San Diego, the GOP, and Faith-Based Economics: Why We Ought Not Let the GOP “Reform” Social Security.
While the Bush Social Security plan continues to founder in the face of sober and responsible analysis, it is worth taking a moment to consider the fate of San Diego’s experience in ideologically driven investing – its billion dollar plus current pension-funding crisis.
This week, San Diego mayor Dick Murphy (a Republican ex-judge and empty suit) announced his resignation. Murphy, chosen last week as one of the three worst mayors in America by Time magazine, was re-elected with the help of the judiciary last November in spite of receiving several thousand fewer votes than write-in candidate Donna Frye, a Democratic city council member. But, while he shares with President Bush having judges to thank for his election, Dick Murphy differs from the Bush in that he faces an actual crisis in retirement funding – a collapsing employee pension system.
How did this happen, you ask? First (and most hilariously) because the City of San Diego decided that the mid-‘90s were the best time to show off their city to whole country. With high-tech businesses booming and housing costs climbing on the beautiful shores of the Pacific, San Diego wanted everyone to see the success story they had on their hands. And, given the rock-ribbed conservatism of the city fathers, attracting a family-friendly event like the 1996 Republican National Convention seemed like just the thing to focus all eyes on San Diego.
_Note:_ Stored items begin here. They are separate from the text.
lemma face_subset_Union_layer:
  assumes "simplicial_complex V X" "c \<in> X" "k \<noteq> 0"
  shows "c \<subseteq> \<Union>(layer (facets X) d c k)"
proof -
  obtain h where h: "h \<in> facets X" "c \<subseteq> h"
    using face_subset_facet assms(1,2) .
  then have "h \<in> layer (facets X) d c (Suc 0)"
    by simp
  with assms(3) have "h \<in> layer (facets X) d c k"
    using layer_mono[of "Suc 0" k "facets X" d c] by auto
  with h(2) show ?thesis by blast
qed

lemma card_Int_eq_iff_Diff_subset:
  assumes "card F = Suc d" "u \<in> F" "u \<notin> f"
  shows "card (f \<inter> F) = d \<longleftrightarrow> F - {u} \<subseteq> f"
proof -
  have fin: "finite (F - {u})" and card: "card (F - {u}) = d"
    using assms(1,2) card.infinite by fastforce+
  have eq: "f \<inter> F = f \<inter> (F - {u})"
    using assms(3) by blast
  show ?thesis
  proof
    assume "card (f \<inter> F) = d"
    then have "f \<inter> (F - {u}) = F - {u}"
      using card_seteq[OF fin, of "f \<inter> (F - {u})"] card eq by simp
    then show "F - {u} \<subseteq> f" by blast
  next
    assume "F - {u} \<subseteq> f"
    then have "f \<inter> (F - {u}) = F - {u}" by blast
    then show "card (f \<inter> F) = d"
      using card eq by simp
  qed
qed

lemma card_Int_eq_if_common_subset:
  assumes "card f = Suc d" "card g = Suc d" "f \<noteq> g" "B \<subseteq> f \<inter> g" "card B = d"
  shows "card (f \<inter> g) = d"
proof -
  have fin: "finite f" "finite g"
    using assms(1,2) card.infinite by fastforce+
  have "\<not> f \<subseteq> g"
    using card_seteq[OF fin(2), of f] assms(1-3) by auto
  then have "f \<inter> g \<subset> f" by blast
  then have "card (f \<inter> g) < Suc d"
    using psubset_card_mono[OF fin(1)] assms(1) by simp
  moreover have "d \<le> card (f \<inter> g)"
    using card_mono[of "f \<inter> g" B] fin assms(4,5) by simp
  ultimately show ?thesis by simp
qed

lemma layer_Suc_minus_vertex:
  assumes card: "\<And>f. f \<in> S \<Longrightarrow> card f = Suc d" and "card c = d"
    and f: "f \<in> layer S d c (Suc k)" "v \<in> f" and new: "v \<notin> c" "v \<notin> \<Union>(layer S d c k)"
  shows "f - {v} \<subseteq> (if k = 0 then c else \<Union>(layer S d c k))"
proof -
  have "finite (f - {v})" "card (f - {v}) = d"
    using card[of f] f layer_subset card.infinite by fastforce+
  note eq_if_card = card_seteq[OF this(1), simplified this(2)]
  show ?thesis
  proof (cases "c \<subseteq> f")
    case True
    have "k = 0"
    proof (rule ccontr)
      assume "k \<noteq> 0"
      moreover have "f \<in> layer S d c (Suc 0)"
        using True layer_subset[THEN subsetD, OF f(1)] by simp
      ultimately have "f \<in> layer S d c k"
        using layer_mono[of "Suc 0" k S d c] by auto
      with f(2) new(2) show False by blast
    qed
    moreover have "c = f - {v}"
      using True new(1) eq_if_card[of c] \<open>card c = d\<close> by blast
    ultimately show ?thesis by simp
  next
    case False
    with f(1) obtain g where g: "g \<in> layer S d c k" "card (f \<inter> g) = d"
      by auto
    then have "k \<noteq> 0" by (cases k) auto
    have "v \<notin> g"
      using g(1) new(2) by blast
    then have "f \<inter> g = f - {v}"
      using eq_if_card[of "f \<inter> g"] g(2) by blast
    with g(1) \<open>k \<noteq> 0\<close> show ?thesis by auto
  qed
qed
But putting on spectacles like the Republican National Convention costs money. And, as good Republicans, the municipal government had an almost limitless faith in the profitability of the markets. So, voila! The City of San Diego began underfunding their employees pension fund to pay for the RNC and invested the remaining money more aggressively, confident that the markets would more than make up for the shortfall. The stock market always overperforms everything else, right?
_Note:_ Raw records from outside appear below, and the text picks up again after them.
theorem theorem3:
  fixes Vg g kq \<delta> \<tau> Ld :: real
    and xp yp zp chi \<gamma> xc yc zc dchi dgam ayc azc fchi fgam dC1 dC2 :: "real \<Rightarrow> real"
  assumes Vg: "Vg > 0" and g: "g > 0"
    and kq: "kq > 0" and \<delta>: "0 < \<delta>" "\<delta> < pi / 2" and \<tau>: "\<tau> > 0"
    \<comment> \<open>kinematics on t \<ge> 0\<close>
    and cos_gamma: "\<And>t. t \<ge> 0 \<Longrightarrow> cos (\<gamma> t) \<noteq> 0"
    and dxp: "\<And>t. t \<ge> 0 \<Longrightarrow> (xp has_real_derivative Vg * cos (\<gamma> t) * cos (chi t)) (at t within {0 ..})"
    and dyp: "\<And>t. t \<ge> 0 \<Longrightarrow> (yp has_real_derivative Vg * cos (\<gamma> t) * sin (chi t)) (at t within {0 ..})"
    and dzp: "\<And>t. t \<ge> 0 \<Longrightarrow> (zp has_real_derivative Vg * sin (\<gamma> t)) (at t within {0 ..})"
    and dchi: "\<And>t. t \<ge> 0 \<Longrightarrow>
       (chi has_real_derivative ayc t / (Vg * cos (\<gamma> t)) + dchi t) (at t within {0 ..})"
    and dgamma: "\<And>t. t \<ge> 0 \<Longrightarrow>
       (\<gamma> has_real_derivative (azc t - g * cos (\<gamma> t)) / Vg + dgam t) (at t within {0 ..})"
    \<comment> \<open>bounded disturbances\<close>
    and dist: "\<And>t. t \<ge> 0 \<Longrightarrow> sqrt ((dchi t)^2 + (dgam t)^2) \<le> Ld"
    \<comment> \<open>time derivatives of the line-of-sight angles along the trajectory\<close>
    and dC1: "\<And>t. t \<ge> 0 \<Longrightarrow>
       ((\<lambda>s. los_lat (xc s) (yc s) (xp s) (yp s)) has_real_derivative dC1 t) (at t within {0 ..})"
    and dC2: "\<And>t. t \<ge> 0 \<Longrightarrow>
       ((\<lambda>s. los_lon (xc s) (yc s) (zc s) (xp s) (yp s) (zp s)) has_real_derivative dC2 t) (at t within {0 ..})"
    \<comment> \<open>modified guidance law with f_lat = dC1 - fchi, f_lon = dC2 - fgam\<close>
    and law_lat: "\<And>t. t \<ge> 0 \<Longrightarrow>
       ayc t = (kq * sin (los_lat (xc t) (yc t) (xp t) (yp t) - chi t) + (dC1 t - fchi t))
               * Vg * cos (\<gamma> t)"
    and law_lon: "\<And>t. t \<ge> 0 \<Longrightarrow>
       azc t = (kq * sin (los_lon (xc t) (yc t) (zc t) (xp t) (yp t) (zp t) - \<gamma> t) + (dC2 t - fgam t))
               * Vg + g * cos (\<gamma> t)"
    \<comment> \<open>condition on the compensation terms\<close>
    and fcond: "\<And>t. t \<ge> 0 \<Longrightarrow>
       (let el = los_lat (xc t) (yc t) (xp t) (yp t) - chi t;
            eo = los_lon (xc t) (yc t) (zc t) (xp t) (yp t) (zp t) - \<gamma> t in
        \<bar>el\<bar> \<le> \<delta> \<longrightarrow> \<bar>eo\<bar> \<le> \<delta> \<longrightarrow>
        (sin el * cos el, sin eo * cos eo) \<noteq> (0, 0) \<longrightarrow>
        (fchi t * (sin el * cos el) + fgam t * (sin eo * cos eo))
          / sqrt ((sin el)^2 * (cos el)^2 + (sin eo)^2 * (cos eo)^2) + Ld + \<tau> \<le> 0)"
    \<comment> \<open>the trajectory stays in the region |\<eta>| \<le> \<delta>\<close>
    and region_lat: "\<And>t. t \<ge> 0 \<Longrightarrow> \<bar>los_lat (xc t) (yc t) (xp t) (yp t) - chi t\<bar> \<le> \<delta>"
    and region_lon: "\<And>t. t \<ge> 0 \<Longrightarrow>
       \<bar>los_lon (xc t) (yc t) (zc t) (xp t) (yp t) (zp t) - \<gamma> t\<bar> \<le> \<delta>"
  shows "\<exists>T\<ge>0.
     T \<le> 1 / (kq * cos \<delta>) * ln (1 + kq / \<tau> *
            sqrt ((sin (los_lon (xc 0) (yc 0) (zc 0) (xp 0) (yp 0) (zp 0) - \<gamma> 0))^2
                + (sin (los_lat (xc 0) (yc 0) (xp 0) (yp 0) - chi 0))^2))
     \<and> (\<forall>t\<ge>T. los_lat (xc t) (yc t) (xp t) (yp t) - chi t = 0
              \<and> los_lon (xc t) (yc t) (zc t) (xp t) (yp t) (zp t) - \<gamma> t = 0)"
proof -
  define el where "el = (\<lambda>t. los_lat (xc t) (yc t) (xp t) (yp t) - chi t)"
  define eo where "eo = (\<lambda>t. los_lon (xc t) (yc t) (zc t) (xp t) (yp t) (zp t) - \<gamma> t)"
  have el_deriv: "(el has_real_derivative - kq * sin (el t) + fchi t - dchi t) (at t within {0..})"
    if "t \<ge> 0" for t
    unfolding el_def
    by (rule lookahead_closed_loop_DERIV[OF dC1[OF that] dchi[OF that]])
      (use law_lat[OF that] cos_gamma[OF that] Vg in simp)
  have eo_deriv: "(eo has_real_derivative - kq * sin (eo t) + fgam t - dgam t) (at t within {0..})"
    if "t \<ge> 0" for t
    unfolding eo_def
    by (rule lookahead_closed_loop_DERIV[OF dC2[OF that] dgamma[OF that]])
      (use law_lon[OF that] Vg in simp)
  have comp: "(sin (el t) * cos (el t), sin (eo t) * cos (eo t)) \<noteq> (0, 0) \<longrightarrow>
       (fchi t * (sin (el t) * cos (el t)) + fgam t * (sin (eo t) * cos (eo t)))
         / sqrt ((sin (el t))^2 * (cos (el t))^2 + (sin (eo t))^2 * (cos (eo t))^2) + Ld + \<tau> \<le> 0"
    if "t \<ge> 0" for t
    using fcond[OF that] region_lat[OF that] region_lon[OF that] unfolding el_def eo_def Let_def by blast
  have "\<bar>el t\<bar> \<le> \<delta>" "\<bar>eo t\<bar> \<le> \<delta>" if "t \<ge> 0" for t
    using region_lat[OF that] region_lon[OF that] by (simp_all add: el_def eo_def)
  from lookahead_finite_time_convergence[OF kq \<delta> \<tau> el_deriv eo_deriv dist comp this]
  show ?thesis
    unfolding add.commute[of "(sin (el 0))^2"] unfolding el_def eo_def .
qed

end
Wrong. Their investments (predictably) started to slump and San Diego’s GOP leaders responded by…ducking. Murphy is third Republican mayor in a row to use what the Associated Press called ‘mind-numbing accounting complexities’ to avoid confronting the issue while making individual deals with the labor representatives on the pension fund board to increase their own pensions. So far has the damage spread that San Diego’s bond rating has plummeted and their financial bumbling has managed to attract the attention of the less-than-diligent Bush Department of Justice and Securities and Exchange Commission.
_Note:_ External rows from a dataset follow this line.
text \<open>The board is a list of oriented tiles (x,y), read left to right, with
  equal numbers adjacent; its open ends are the first number of the first tile
  and the second number of the last tile.\<close>
record state =
  hands :: "nat \<Rightarrow> tile set"
  board :: "(nat \<times> nat) list"
  turn :: nat

definition lend :: "state \<Rightarrow> nat" where
  "lend s = fst (hd (board s))"

definition rend :: "state \<Rightarrow> nat" where
  "rend s = snd (last (board s))"

definition matches :: "tile \<Rightarrow> nat \<Rightarrow> bool" where
  "matches t n \<longleftrightarrow> fst t = n \<or> snd t = n"

definition can_play :: "state \<Rightarrow> nat \<Rightarrow> bool" where
  "can_play s p \<longleftrightarrow>
     (if board s = [] then hands s p \<noteq> {}
      else (\<exists>t\<in>hands s p. matches t (lend s) \<or> matches t (rend s)))"

definition live :: "state \<Rightarrow> bool" where
  "live s \<longleftrightarrow> (\<forall>p\<in>players. hands s p \<noteq> {})"

definition remove_tile :: "state \<Rightarrow> tile \<Rightarrow> nat \<Rightarrow> tile set" where
  "remove_tile s t = (hands s)(turn s := hands s (turn s) - {t})"

inductive step :: "state \<Rightarrow> state \<Rightarrow> bool" where
  start: "\<lbrakk> live s; board s = []; norm_tile (x, y) \<in> hands s (turn s) \<rbrakk> \<Longrightarrow>
     step s \<lparr> hands = remove_tile s (norm_tile (x, y)), board = [(x, y)],
              turn = next_player (turn s) \<rparr>"
| left: "\<lbrakk> live s; board s \<noteq> []; norm_tile (x, lend s) \<in> hands s (turn s) \<rbrakk> \<Longrightarrow>
     step s \<lparr> hands = remove_tile s (norm_tile (x, lend s)), board = (x, lend s) # board s,
              turn = next_player (turn s) \<rparr>"
| right: "\<lbrakk> live s; board s \<noteq> []; norm_tile (rend s, x) \<in> hands s (turn s) \<rbrakk> \<Longrightarrow>
     step s \<lparr> hands = remove_tile s (norm_tile (rend s, x)), board = board s @ [(rend s, x)],
              turn = next_player (turn s) \<rparr>"
| pass: "\<lbrakk> live s; \<not> can_play s (turn s) \<rbrakk> \<Longrightarrow>
     step s (s\<lparr> turn := next_player (turn s) \<rparr>)"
With a $1.71 billion combined health and pension benefit shortfall looming, Mayor Murphy didn’t sit on his hands. He busied himself with important matters: Saving the Mount Soledad Cross. The cross, a 54 ft. edifice that looks as if it was built with cement blocks left over from a school cafeteria building project, sits on public land in San Diego and has seen its fate debated by courts from the municipal to the federal. While few among San Diego’s municipal retirees would applaud Murphy’s handling of their fixed-incomes, they could take prayerful solace in his decision to join luminaries like Rick Santorum, George Bush, Dick Cheney, Bill Frist, and Bush cabinet secretaries Gail Norton and Anthony Principi in defending the Mount Soledad Cross.
At a time when the Bush White House splits its time between right-wing saber-rattling about Christian judges and the Wall Street-driven effort to privatize Social Security, it is helpful to examine the wreckage of San Diego’s finances. Murphy’s Bush-in-miniature administration has emptied the treasury, rewarded the financiers, and left retirees holding the bag. We can’t let the Bush clowns do the same to the rest of the country.
Oh, and it’s probably a bad financial idea to host Republican Conventions…
-Keith McCrea, Reviews Editor
May 4th, 2005 at 3:21 pm
This is just a city-level example of the ’starving the beast’ ideology that the GOP hopes to exact on federal, state and local governments. By shrinking tax revenues, legislatures are forced to reduce government services and programs. Legislators avoid backlash at the ballot box by cutting taxes long before they sacrifice cherished public programs.
While draconian cuts to critical services are avoided in the short term, ongoing tax cuts reduce government coffers resulting in the abandonment of those critical services in the long term. Thus, midnight basketball was taken out early (2000-2001), followed by current efforts to end Head Start and close public hospitals, with Medicaid, Medicare and Social Security on the chopping block later (say, 2006-2008). The longer that tax rates and tax collection remain low, the deeper the incisions to traditional services.